Я узнал по голосу нашего капитана Сорокина, вскочил, вытянулся перед ним в струнку и отрапортовал:
— Рядовой Корзинкин явился в ваше распоряжение и ждет ваших приказаний.
— Тише, рядовой Корзинкин, тише, — прошептал Сорокин. — Сядем.
Приминаем вокруг себя бурьян, садимся. Капитан берет мою руку и, сжав крепко-крепко, шепчет:
— Спасибо, Корзинкин. Я обязательно доложу комбригу, что ты явился первым. А других не встречал?

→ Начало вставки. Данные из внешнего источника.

lemma representable_mult_left:
  assumes "representable \<phi>"
  shows "representable (\<lambda>G. c * \<phi> G)"
proof -
  from assms obtain v where "fin v" "\<phi> = pairing v"
    by (auto simp: representable_def)
  then show ?thesis
    unfolding representable_def
    by (intro exI[where x = "\<lambda>x. c * v x"]) (simp add: fin_mult_left pairing_mult_left fun_eq_iff)
qed

lemma representable_diff:
  "representable \<phi> \<Longrightarrow> representable \<psi> \<Longrightarrow> representable (\<lambda>G. \<phi> G - \<psi> G)"
  using representable_add[of \<phi> "\<lambda>G. - 1 * \<psi> G"] representable_mult_left[of \<psi> "- 1"] by simp

lemma representable_sum:
  "finite S \<Longrightarrow> (\<And>H. H \<in> S \<Longrightarrow> representable (\<phi> H)) \<Longrightarrow> representable (\<lambda>G. \<Sum>H\<in>S. \<phi> H G)"
proof (induction S rule: finite_induct)
  case empty
  have "fin (\<lambda>_. 0)" "pairing (\<lambda>_. 0) = (\<lambda>_. 0)"
    by (simp_all add: fun_eq_iff fin_def pairing_def supp_def)
  then show ?case
    unfolding representable_def by auto
next
  case (insert H S)
  then show ?case
    using representable_add[of "\<phi> H" "\<lambda>G. \<Sum>H\<in>S. \<phi> H G"] by simp
qed

lemma representable_shift:
  assumes "representable \<phi>"
  shows "representable (\<lambda>G. case G of [] \<Rightarrow> 0 | s # G' \<Rightarrow> if s = dot then \<phi> G' else 0)"
proof -
  from assms obtain v where v: "fin v" "\<phi> = pairing v"
    by (auto simp: representable_def)
  then show ?thesis
    unfolding representable_def v(2)
    by (intro exI[where x = "Bplus v"]) (simp add: fin_Bplus pairing_Bplus fun_eq_iff)
qed

lemma representable_cut_sum:
  assumes "representable \<phi>" "representable \<psi>"
  shows "representable (\<lambda>G. \<Sum>k\<le>weight G. \<phi> (vtake k G) * \<psi> (vdrop k G))"
proof -
  from assms obtain v w where "fin v" "pairing v = \<phi>" "fin w" "pairing w = \<psi>"
    by (auto simp: representable_def)
  then show ?thesis
    unfolding representable_def
    by (intro exI[where x = "mult w v"]) (simp add: fin_mult pairing_mult fun_eq_iff)
qed

lemma sum_basis_cuts:
  "(\<Sum>k\<le>weight G. basis a (vtake k G) * basis b (vdrop k G)) = (of_bool ((a, b) \<in> cuts G) :: 'k::comm_ring_1)"
proof -
  have "(\<Sum>k\<le>weight G. basis a (vtake k G) * basis b (vdrop k G))
      = (\<Sum>k\<le>weight G. basis (a, b) (vtake k G, vdrop k G) :: 'k)"
    by (rule sum.cong) (simp_all add: basis_def)
  also have "\<dots> = (\<Sum>p\<in>cuts G. if p = (a, b) then 1 else 0)"
    by (simp add: cuts_def sum.reindex[OF inj_on_cut] basis_def)
  also have "\<dots> = of_bool ((a, b) \<in> cuts G)"
    by (simp add: cuts_def)
  finally show ?thesis .
qed

lemma weight_cut: "(a, b) \<in> cuts G \<Longrightarrow> weight G = weight a + weight b"
  by (auto simp: cuts_def)

fun first_weight :: "forest \<Rightarrow> nat" where
  "first_weight [] = 0"
| "first_weight (t # _) = tree_weight t"
(* Let $n\in\mathbb{N}$, let $c=(c_{i,j})$ be an $n\times(n+1)$ matrix with entries in $\{0,1\}$, $\sigma_1,\ldots,\sigma_n>0$, $\gamma_1,\ldots,\gamma_{n+1}>0$, with $\sum_jc_{i,j}\gamma_j>0$ for each $i$. Let $\boldsymbol{\Lambda}=(\Lambda_1,\ldots,\Lambda_n)'$ have independent coordinates $\Lambda_i\sim Exp(1)$. Let $Y_1,\ldots,Y_{n+1}$ be mutually independent with $Y_j\sim Ga(\gamma_j,1)$, and let $\boldsymbol{\Xi}=(\Xi_1,\ldots,\Xi_n)'$ with $\Xi_i=\sum_{j=1}^{n+1}\frac{c_{i,j}}{\sigma_i}Y_j$; assume $\boldsymbol{\Lambda}$ and $\boldsymbol{\Xi}$ are independent. Then a random vector $\mathbf{X}=(X_1,\ldots,X_n)'$ has decumulative distribution function \[ \mathbf{P}[X_1>x_1,\ldots,X_n>x_n]=\prod_{j=1}^{n+1}\left(1+\sum_{i=1}^n\frac{c_{i,j}}{\sigma_i}x_i\right)^{-\gamma_j},\quad (x_1,\ldots,x_n)'\in(0,\infty)^n, \] if and only if $(X_1,\ldots,X_n)'$ is equal in distribution to $(\Lambda_1/\Xi_1,\ldots,\Lambda_n/\Xi_n)'$.
   Context: $Exp(\lambda)$ is the exponential distribution with rate $\lambda$; $Ga(\gamma,1)$ is the gamma distribution with shape $\gamma$ and rate $1$. *)

theory Defs
  imports "HOL-Probability.Probability"
begin

definition gamma_density :: "real \<Rightarrow> real \<Rightarrow> real" where
  "gamma_density k x = (if x \<le> 0 then 0 else x powr (k - 1) * exp (- x) / Gamma k)"

definition vec_law :: "'a measure \<Rightarrow> nat \<Rightarrow> (nat \<Rightarrow> 'a \<Rightarrow> real) \<Rightarrow> (nat \<Rightarrow> real) measure" where
  "vec_law M n Z = distr M (PiM {..<n} (\<lambda>_. borel)) (\<lambda>\<omega>. \<lambda>i\<in>{..<n}. Z i \<omega>)"

end

theory Submission
  imports Defs
begin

Рассказываю, как в ночь приземления немцы схватили кого-то.
— Это не она. Нет, нет, — бормочет Сорокин, убеждая не то меня, не то себя. Догадываюсь, что он говорит о своей жене. Дело дрянь: уже трое суток о Полине Сорокиной нет никаких вестей.
— Ты до нее прыгал или после? — спрашивает капитан.
— После. Сначала товарищ Полина, затем Шаронов, дальше я.
— Определенно?
— Совершенно точно.
Я хорошо помню минуты перед прыжком, они крепко отпечатались в моем мозгу.
Сорокин делает в уме какие-то расчеты, бормочет невнятно о ветре, о скорости, о высоте, потом говорит уверенно:
— Она должна приземлиться где-то здесь. Как у тебя с водой?
Я набрал у Лысой полную флягу, но не подумал о товарищах и несколько раз прикладывался к ней, теперь воды чуть-чуть, на донышке.
— Пейте всю!
— А ты?
— Я полон, как барабан.
Сорокин выпивает воду, облизывает мокрое горлышко и сожалеет, что десантские фляги малы, всего пол-литра, а птом выльешь литра два в день. Он жил на том, с чем вылетел, на одном
пол-литре. Хорошо, что натакался на картофельное поле, вместо питья ел сырую картошку.Устанавливаем для себя особый сигнал и расходимся искать Полину.
Сигналю фонариком и дудочкой попеременно. Немного погодя сквозь бурьян вижу красный свет, мигающий вдалеке. Пока не разобрать, что это — сигнал десантника, глазок на задке автомашины или отблеск пожара. Спешу к нему, мигаю чаще. Огонек начинает отвечать. Мое сердце поет: свой, еще свой!
Уже сговорились и фонариками и дудочками: свой? — свой! Я готов распахнуть объятия и вдруг слышу голос Сорокина:
— Кто?
— Все я, Корзинкин.
— Ты не умеешь ходить, — устало, глухо говорит Сорокин. — У тебя левое плечо лезет в сторону. Забирай вправо!
Опять расходимся. Я забираю вправо, но буквально через полчаса вновь натыкаюсь на капитана.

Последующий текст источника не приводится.